Il y a davantage de maturité dans ce nouvel album. Nous avons pris le temps de l’écrire pour qu’il nous corresponde vraiment. Nous n’avons rien laissé au hasard : du choix des thèmes à la pochette, tout a été réfléchi pour refléter ce que nous voulions montrer de Fallen Lillies. Cela a impliqué beaucoup de remises en question, de doutes, et surtout énormément de travail. Non pas que No Master for Lilly ait été fait « à l’arrache » : c’est un premier album dont nous sommes encore très fières aujourd’hui. Mais, comme son nom l’évoque, nous pensons avoir monté d’un « cran » avec ce deuxième opus.


Laetitia, tu es arrivée après l’enregistrement de Cran, reprenant le rôle de bassiste en lieu et place de Ludivine. Comment s’est passée ton intégration ? Aurais-tu envie de t’impliquer davantage dans le groupe par la suite, notamment dans la composition ?

Forcément, c’est un challenge de passer derrière Ludivine, qui dégageait une énergie incroyable sur scène. Elle restera toujours une Lillies !
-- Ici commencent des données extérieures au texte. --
(* Let $A\in\mathbb{R}^{m\times n}$ with columns $A_1,\dots,A_n$, let $y\in\mathbb{R}^m$, $\gamma>0$ and $k\in\{1,\dots,n-1\}$. Let $x^*$ be an optimal solution of (CC) with optimal value $\zeta_{CC}$, set $\varepsilon^*=y-Ax^*$ and $\delta_i=(A_i'\varepsilon^* )^2$ for $i=1,\dots,n$, let $\delta_{[j]}$ denote the $j$-th largest entry of the vector $\delta=(\delta_1,\dots,\delta_n)$, and let $\bar\zeta$ be any number with $\bar\zeta\ge\zeta_C$. Then every optimal solution $(x,z)$ of (MIPC) satisfies, for each $i$: $z_i=0$ if $\delta_i\le\delta_{[k+1]}$ and $\zeta_{CC}-\gamma(\delta_i-\delta_{[k]})>\bar\zeta$; and $z_i=1$ if $\delta_i\ge\delta_{[k]}$ and $\zeta_{CC}+\gamma(\delta_i-\delta_{[k+1]})>\bar\zeta$.
   Context: For $x_i\in\mathbb{R}$, $z_i\ge 0$ the perspective term $x_i^2/z_i$ is defined with the convention $x_i^2/z_i=0$ if $x_i=z_i=0$ and $x_i^2/z_i=+\infty$ if $z_i=0$, $x_i\neq 0$. (MIPC) is the problem $\zeta_C=\min_{x,z}\ \|y-Ax\|_2^2+\frac1\gamma\sum_{i=1}^n \frac{x_i^2}{z_i}$ subject to $\sum_{i=1}^n z_i\le k$, $x_i(1-z_i)=0$ for $i=1,\dots,n$, $x\in\mathbb{R}^n$, $z\in\{0,1\}^n$ (a mixed-integer formulation of $\min_x \|y-Ax\|_2^2+\frac1\gamma\|x\|_2^2$ s.t. $\|x\|_0\le k$). (CC) is its convex (perspective) relaxation: $\zeta_{CC}=\min_{x,z}\ \|y-Ax\|_2^2+\frac1\gamma\sum_{i=1}^n \frac{x_i^2}{z_i}$ subject to $\sum_{i=1}^n z_i\le k$, $x\in\mathbb{R}^n$, $z\in[0,1]^n$; an optimal solution $x^*$ means the $x$-part of an optimal pair $(x^*,z^* )$. $A_i'$ denotes the transpose of the $i$-th column of $A$. *)

theory Defs
  imports "HOL-Analysis.Analysis" "HOL-Library.Multiset" "HOL-Library.Extended_Real"
begin

definition persp :: "real \<Rightarrow> real \<Rightarrow> ereal" where
  "persp a b = (if b = 0 then (if a = 0 then 0 else \<infinity>) else ereal (a^2 / b))"

definition obj :: "real^'n^'m \<Rightarrow> real^'m \<Rightarrow> real \<Rightarrow> real^'n \<Rightarrow> real^'n \<Rightarrow> ereal" where
  "obj A y \<gamma> x z = ereal ((norm (y - A *v x))^2) + ereal (1/\<gamma>) * (\<Sum>i\<in>UNIV. persp (x$i) (z$i))"

definition feas_MIPC :: "nat \<Rightarrow> real^'n \<Rightarrow> real^'n \<Rightarrow> bool" where
  "feas_MIPC k x z \<longleftrightarrow> (\<Sum>i\<in>UNIV. z$i) \<le> real k \<and>
     (\<forall>i. x$i * (1 - z$i) = 0) \<and> (\<forall>i. z$i \<in> {0,1})"

definition feas_CC :: "nat \<Rightarrow> real^'n \<Rightarrow> real^'n \<Rightarrow> bool" where
  "feas_CC k x z \<longleftrightarrow> (\<Sum>i\<in>UNIV. z$i) \<le> real k \<and> (\<forall>i. 0 \<le> z$i \<and> z$i \<le> 1)"

definition zeta_C :: "real^'n^'m \<Rightarrow> real^'m \<Rightarrow> real \<Rightarrow> nat \<Rightarrow> ereal" where
  "zeta_C A y \<gamma> k = (INF p\<in>{(x,z). feas_MIPC k x z}. obj A y \<gamma> (fst p) (snd p))"

definition zeta_CC :: "real^'n^'m \<Rightarrow> real^'m \<Rightarrow> real \<Rightarrow> nat \<Rightarrow> ereal" where
  "zeta_CC A y \<gamma> k = (INF p\<in>{(x,z). feas_CC k x z}. obj A y \<gamma> (fst p) (snd p))"

definition opt_MIPC :: "real^'n^'m \<Rightarrow> real^'m \<Rightarrow> real \<Rightarrow> nat \<Rightarrow> real^'n \<Rightarrow> real^'n \<Rightarrow> bool" where
  "opt_MIPC A y \<gamma> k x z \<longleftrightarrow> feas_MIPC k x z \<and> obj A y \<gamma> x z = zeta_C A y \<gamma> k"

definition opt_CC :: "real^'n^'m \<Rightarrow> real^'m \<Rightarrow> real \<Rightarrow> nat \<Rightarrow> real^'n \<Rightarrow> real^'n \<Rightarrow> bool" where
  "opt_CC A y \<gamma> k x z \<longleftrightarrow> feas_CC k x z \<and> obj A y \<gamma> x z = zeta_CC A y \<gamma> k"

definition kth_largest :: "real^'n \<Rightarrow> nat \<Rightarrow> real" where
  "kth_largest d j = rev (sorted_list_of_multiset (image_mset (\<lambda>i. d$i) (mset_set (UNIV::'n set)))) ! (j - 1)"

end

theory Submission
  imports Defs
begin

text \<open>Let \<open>r = y - A x\<^sup>*\<close> be the residual of the relaxation and \<open>\<delta>\<^sub>j = (A\<^sub>j' r)\<^sup>2\<close>.
  Weak duality with the dual point \<open>r\<close> bounds the objective of any \<open>(x, z)\<close> from below by
  \<open>2 r'y - r'r - \<gamma> \<Sum>\<^sub>j z\<^sub>j \<delta>\<^sub>j\<close>, and the first-order optimality condition of the convex
  relaxation, tested against \<open>z = 1\<^sub>T\<close>, \<open>x\<^sub>j = \<gamma> z\<^sub>j A\<^sub>j' r\<close> with \<open>|T| \<le> k\<close>, turns this bound into
  \<open>\<zeta>\<^sub>C\<^sub>C + \<gamma> (\<delta>(T) - \<delta>(S))\<close> when \<open>z = 1\<^sub>S\<close> is integral. If an optimal solution of (MIPC)
  violated a screening rule, exchanging one index of its support \<open>S\<close> against an index \<open>j\<close> with
  \<open>\<delta>\<^sub>j \<ge> \<delta>\<^sub>[\<^sub>k\<^sub>]\<close> (resp. with \<open>\<delta>\<^sub>j \<le> \<delta>\<^sub>[\<^sub>k\<^sub>+\<^sub>1\<^sub>]\<close>) would produce a set \<open>T\<close> whose bound
  exceeds the given upper bound on \<open>\<zeta>\<^sub>C\<close>.\<close>

subsection \<open>Perspective function\<close>

definition persp_dom :: "real^'n \<Rightarrow> real^'n \<Rightarrow> bool" where
  "persp_dom x z \<longleftrightarrow> (\<forall>j. 0 \<le> z$j \<and> (z$j = 0 \<longrightarrow> x$j = 0))"

definition persp_sum :: "real^'n \<Rightarrow> real^'n \<Rightarrow> real" where
  "persp_sum x z = (\<Sum>j\<in>UNIV. (x$j)\<^sup>2 / z$j)"

definition obj_real :: "real^'n^'m \<Rightarrow> real^'m \<Rightarrow> real \<Rightarrow> real^'n \<Rightarrow> real^'n \<Rightarrow> real" where
  "obj_real A y \<gamma> x z = (norm (y - A *v x))\<^sup>2 + (1/\<gamma>) * persp_sum x z"

lemma obj_eq_obj_real:
  assumes "persp_dom x z"
  shows "obj A y \<gamma> x z = ereal (obj_real A y \<gamma> x z)"
proof -
  have "persp (x$j) (z$j) = ereal ((x$j)\<^sup>2 / z$j)" for j
    using assms by (auto simp: persp_def persp_dom_def)
  then show ?thesis by (simp add: obj_def obj_real_def persp_sum_def)
qed

lemma persp_dom_if_obj_finite:
  assumes "0 < \<gamma>" "\<forall>j. 0 \<le> z$j" "obj A y \<gamma> x z \<noteq> \<infinity>"
  shows "persp_dom x z"
proof (rule ccontr)
  assume "\<not> persp_dom x z"
  then obtain j where "z$j = 0" "x$j \<noteq> 0" using assms(2) by (auto simp: persp_dom_def)
  then have "(\<Sum>j\<in>UNIV. persp (x$j) (z$j)) = \<infinity>"
    unfolding sum_Pinfty by (auto simp: persp_def)
  with assms(1,3) show False by (simp add: obj_def)
qed

lemma persp_ge_linear:
  fixes x z c :: real
  assumes "0 \<le> z" "z = 0 \<longrightarrow> x = 0"
  shows "2*x*c - c\<^sup>2*z \<le> x\<^sup>2/z"
proof (cases "z = 0")
  case False
  with assms(1) have "0 < z" by simp
  then have "(x - c*z)\<^sup>2/z = x\<^sup>2/z - 2*x*c + c\<^sup>2*z"
    by (simp add: power2_eq_square field_simps)
  moreover have "0 \<le> (x - c*z)\<^sup>2/z" using \<open>0 < z\<close> by simp
  ultimately show ?thesis by simp
qed (use assms in simp)

text \<open>Joint convexity of \<open>x\<^sup>2/z\<close>: at the mixture it equals \<open>2Xc - c\<^sup>2Z\<close> with \<open>c = X/Z\<close>,
  which is affine in \<open>(X, Z)\<close> and bounded termwise by \<open>persp_ge_linear\<close>.\<close>
lemma persp_convex:
  fixes x x' z z' t :: real
  assumes "0 \<le> z" "0 \<le> z'" "z = 0 \<longrightarrow> x = 0" "z' = 0 \<longrightarrow> x' = 0" "0 \<le> t" "t \<le> 1"
  shows "((1-t)*x + t*x')\<^sup>2 / ((1-t)*z + t*z') \<le> (1-t)*(x\<^sup>2/z) + t*(x'\<^sup>2/z')"
proof -
  define X Z where "X = (1-t)*x + t*x'" and "Z = (1-t)*z + t*z'"
  show ?thesis
  proof (cases "Z = 0")
    case True
    have "0 \<le> (1-t)*(x\<^sup>2/z) + t*(x'\<^sup>2/z')" using assms by simp
    with True show ?thesis by (simp add: Z_def)
  next
    case False
    define c where "c = X/Z"
    have "X\<^sup>2/Z = 2*X*c - c\<^sup>2*Z"
      using False by (simp add: c_def power2_eq_square field_simps)
    also have "\<dots> = (1-t)*(2*x*c - c\<^sup>2*z) + t*(2*x'*c - c\<^sup>2*z')"
      by (simp add: X_def Z_def algebra_simps)
    also have "\<dots> \<le> (1-t)*(x\<^sup>2/z) + t*(x'\<^sup>2/z')"
      using persp_ge_linear[OF assms(1,3)] persp_ge_linear[OF assms(2,4)] assms(5,6)
      by (intro add_mono mult_left_mono) auto
    finally show ?thesis by (simp add: X_def Z_def)
  qed
qed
Mon intégration s’est passée à merveille. Avec les filles, nous avions déjà appris à nous connaître en octobre 2024, lorsque j’ai remplacé Ludivine sur deux dates. Le courant est tout de suite bien passé entre nous, et aujourd’hui, c’est toujours un plaisir de partir à l’aventure ensemble comme nous le faisons sur nos concerts.

Pour le moment, nous sommes toutes concentrées sur la scène afin de défendre cet album comme il se doit. Je n’ai pas encore vraiment pensé à l’après-tournée, mais ce serait évidemment une belle aventure de composer de nouveaux morceaux avec les filles.


Quels sont les projets de Fallen Lillies pour l’année 2026 ?

Promouvoir ce nouvel album partout en France, et dans les pays francophones si possible, et porter ce projet le plus loin possible !


Pouvez-vous nous donner des nouvelles de Raymonde, la poule figurant sur la pochette et répondant au nom de Raymonde ?

Raymonde va bien ! Elle s’est remise de sa séance photo. Elle est désormais la star du poulailler, mais elle garde les pattes sur terre…


Un petit mot pour nos lecteurs ?

N’hésitez pas à venir nous voir en live : c’est sur scène que nous préférons être !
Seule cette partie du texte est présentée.